8.3.6. ADDITIONAL RESULTS ON PLANAR QUADCOPTER SYSTEM.

We present the full dimensional trajectory evolution for the 6D planar quadcopter in Figure 8. These plots isolate the performance of the Koopman tracking controller on an underactuated system. Notably, the reachable sets (light blue) and their conformalized counterparts (dark blue) accurately capture the behavior in all state dimensions, bounding the closed-loop trajectories. This confirms that the learned linear structure in the lifted Koopman space preserves the critical coupling effects of the original nonlinear dynamics, while the conformal bounds effectively absorb the residual error in the predicted KRS. We also note that the conformalization of the KRS in this example has a relatively small impact on the overall volume of the reachable set estimates, though we note that this is not always the case, e.g., the hopper system shown in Fig. 11. Moreover, this experiment showcases the offline CP inflation bounds (described in Sec. 5.4) generalize across multiple reference trajectories, we compute the CKRS for four reference trajectories total (Fig. 8a-d) and show that the resulting closed-loop trajectories remain within the computed set. This indicates that a single offline CP calibration can be reused to efficiently inflate reachable sets computed online.

8.3.7. ADDITIONAL RESULTS ON 3D QUADROTOR SYSTEM.

To verify that the offline CP inflation bounds (described in Sec. 5.4) generalize across multiple reference trajectories, we compute the CKRS for three alternative reference trajectories and show that the resulting closed-loop trajectories remain within the computed set (Fig. 9). This indicates that a single offline CP calibration can be reused to efficiently inflate reachable sets computed online. We also visualize two of these CKRSs together with the obstacle that the quadrotor is navigating around (Fig. 10), showing that since the RSOAs do not intersect with the obstacle, the closed-loop system is guaranteed to avoid collision when tracking either reference.

8.3.8. ADDITIONAL RESULTS ON MUJOCO HOPPER SYSTEM.

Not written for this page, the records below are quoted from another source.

lemma one_plus_tanh_half_bernoulli:
  "fps_X * one_plus_tanh_half
     = 2 * fps_X - 2 * bernoulli_egf
       + 2 * (bernoulli_egf oo (fps_const 2 * fps_X) :: 'a::field_char_0 fps)"
proof -
  let ?E = "fps_exp 1 :: 'a fps" and ?B = "bernoulli_egf :: 'a fps"
  have B: "?B * (?E - 1) = fps_X"
    by (rule bernoulli_egf_times_exp_minus_1)
  have "(?B * (?E - 1)) oo (fps_const 2 * fps_X) = fps_X oo (fps_const 2 * fps_X)"
    by (simp only: B)
  then have B2: "(?B oo (fps_const 2 * fps_X)) * (?E * ?E - 1) = 2 * fps_X"
    by (simp add: fps_compose_mult_distrib fps_compose_sub_distrib fps_numeral_fps_const
        flip: fps_exp_add_mult)
  have E1: "?E - 1 \<noteq> 0"
  proof
    assume "?E - 1 = 0"
    then have "(?E - 1) $ 1 = 0" by simp
    then show False by simp
  qed
  have "(fps_X * one_plus_tanh_half) * ((?E + 1) * (?E - 1)) = fps_X * (2 * ?E) * (?E - 1)"
    by (simp add: one_plus_tanh_half_times mult.assoc flip: mult.assoc[of one_plus_tanh_half])
  also have "\<dots> = 2 * fps_X * ((?E + 1) * (?E - 1)) - 2 * (?B * (?E - 1)) * (?E + 1)
      + 2 * ((?B oo (fps_const 2 * fps_X)) * (?E * ?E - 1))"
    unfolding B B2 by (simp add: algebra_simps)
  also have "\<dots>
      = (2 * fps_X - 2 * ?B + 2 * (?B oo (fps_const 2 * fps_X))) * ((?E + 1) * (?E - 1))"
    by (simp add: algebra_simps)
  finally show ?thesis using E1 by simp
qed

lemma one_plus_tanh_half_nth_odd:
  "one_plus_tanh_half $ (2 * j + 1)
     = 2 * (4 ^ (j + 1) - 1) * (bernoulli_egf $ (2 * j + 2) :: 'a::field_char_0)"
proof -
  have "(2::'a) ^ (2 * j + 2) = 4 ^ (j + 1)"
    by (simp add: power_mult flip: mult_Suc_right)
  moreover have "(fps_X * one_plus_tanh_half) $ (2 * j + 2) = (2 * fps_X - 2 * bernoulli_egf
      + 2 * (bernoulli_egf oo (fps_const 2 * fps_X)) :: 'a fps) $ (2 * j + 2)"
    by (simp only: one_plus_tanh_half_bernoulli)
  ultimately show ?thesis by (simp add: fps_numeral_fps_const) (simp add: algebra_simps)
qed

lemma minus_one_power_diff:
  assumes "m \<le> M"
  shows "(-1 :: 'a::comm_ring_1) ^ (M - m) = (-1) ^ M * (-1) ^ m"
proof -
  have "(-1 :: 'a) ^ M = (-1) ^ (M - m) * (-1) ^ m"
    using assms by (simp flip: power_add)
  then show ?thesis by (simp add: mult.assoc)
qed

lemma binomial_transform_of_reflected_egf:
  fixes G :: "'a::field_char_0 fps"
  assumes "(G oo - fps_X) * fps_exp 1 = - G"
  shows "(\<Sum>m\<le>M. of_nat (M choose m) * (-1) ^ m * (fact m * G $ m)) = - (fact M * G $ M)"
proof -
  have "((G oo - fps_X) * fps_exp 1) $ M = (- G) $ M"
    by (simp only: assms)
  then have "(\<Sum>m\<le>M. (-1) ^ m * G $ m / fact (M - m)) = - G $ M"
    by (simp add: fps_mult_nth fps_compose_uminus' atLeast0AtMost)
  then have "fact M * (\<Sum>m\<le>M. (-1) ^ m * G $ m / fact (M - m)) = - (fact M * G $ M)"
    by simp
  moreover have "fact M * ((-1) ^ m * G $ m / fact (M - m))
      = of_nat (M choose m) * (-1) ^ m * (fact m * G $ m)" if "m \<le> M" for m
    using that by (simp add: binomial_fact field_simps)
  ultimately show ?thesis
    by (simp add: sum_distrib_left)
qed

Figure 11 illustrates the full state-space evolution of the 11-dimensional MuJoCo Hopper (Todorov et al., 2012) system during a forward hopping maneuver. This system poses a unique challenge due to its hybrid dynamics, characterized by non-smooth transitions during ground impacts. The periodic stability of the gait is clearly visible in the “height z” and “torso angle” trajectories, where the ScaRe-Kro framework successfully captures the complex dynamics associated with the flight and stance phases. Notably, while the position states exhibit tight confinement around the reference trajectory (dashed black line), the velocity dimensions (e.g., “Velocity Foot”) display a necessary inflation of the conformal bounds. This expansion correctly accounts for the instantaneous jumps in state caused by contact forces and modeling uncertainties at impact, yet the ground truth rollouts remain strictly contained within the predicted tube, validating the robustness of the Koopman tracking controller under discontinuous contact dynamics.

8.3.9. ADDITIONAL RESULTS ON MUJOCO SWIMMER SYSTEM.

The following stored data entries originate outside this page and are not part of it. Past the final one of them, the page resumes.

theorem lemma3p3:
  fixes f0 :: "'a::t2_space CK"
    and H :: "('a CK \<Rightarrow> complex) set"
  assumes "compact (UNIV :: 'a set)"
    and "f0 \<in> unitB"
    and "H = Au unitB \<or> H = Hinf unitB"
  shows "(\<forall>\<psi>\<in>H. compT f0 \<psi> \<in> H)
     \<and> (\<forall>\<tau>\<in>spectrum_alg H. hatT H f0 \<tau> \<in> spectrum_alg H)
     \<and> hatT H f0 ` fiber H f0 = fiber H 0"
proof -
  have H: "admissible H" using assms(3) Au_admissible Hinf_admissible by blast
  have f0: "norm f0 < 1" and minus_f0: "- f0 \<in> unitB" and zero: "0 \<in> unitB"
    using assms(2) by (simp_all add: unitB_iff)
  have "hatT H f0 ` fiber H f0 \<subseteq> fiber H 0"
    using hatT_fiber[OF H assms(2) assms(2)] Tmap_self[OF f0] by auto
  moreover have "fiber H 0 \<subseteq> hatT H f0 ` fiber H f0"
  proof
    fix \<sigma> assume \<sigma>: "\<sigma> \<in> fiber H 0"
    have "hatT H (- f0) \<sigma> \<in> fiber H f0"
      using hatT_fiber[OF H minus_f0 zero \<sigma>] Tmap_zero[OF f0] by simp
    moreover have "\<sigma> = hatT H f0 (hatT H (- f0) \<sigma>)"
      using hatT_inverse[OF H assms(2)] \<sigma> by (simp add: fiber_def)
    ultimately show "\<sigma> \<in> hatT H f0 ` fiber H f0" by blast
  qed
  ultimately show ?thesis
    using admissible_compT[OF H assms(2)] hatT_spectrum[OF H assms(2)] by blast
qed

end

Figure 12 presents the component-wise reachability analysis for the 28-dimensional MuJoCo Swimmer Todorov et al. (2012), representing the most high-dimensional validation of our framework. The plots display the highly coupled, undulatory gait required for locomotion, evidenced by the phaseshifted oscillations across the chain of link joints and velocities. Despite the significant increase in state dimensionality, the CKRS maintain consistent coverage of the closed-loop trajectories across all 28 dimensions. The uniform tightness of the bounds across the swimmer link segments confirms that the learned globally-linear dynamics structure effectively encodes the multi-body dynamics, enabling safe, long-horizon verification for complex, articulated robots while maintaining tractable computation.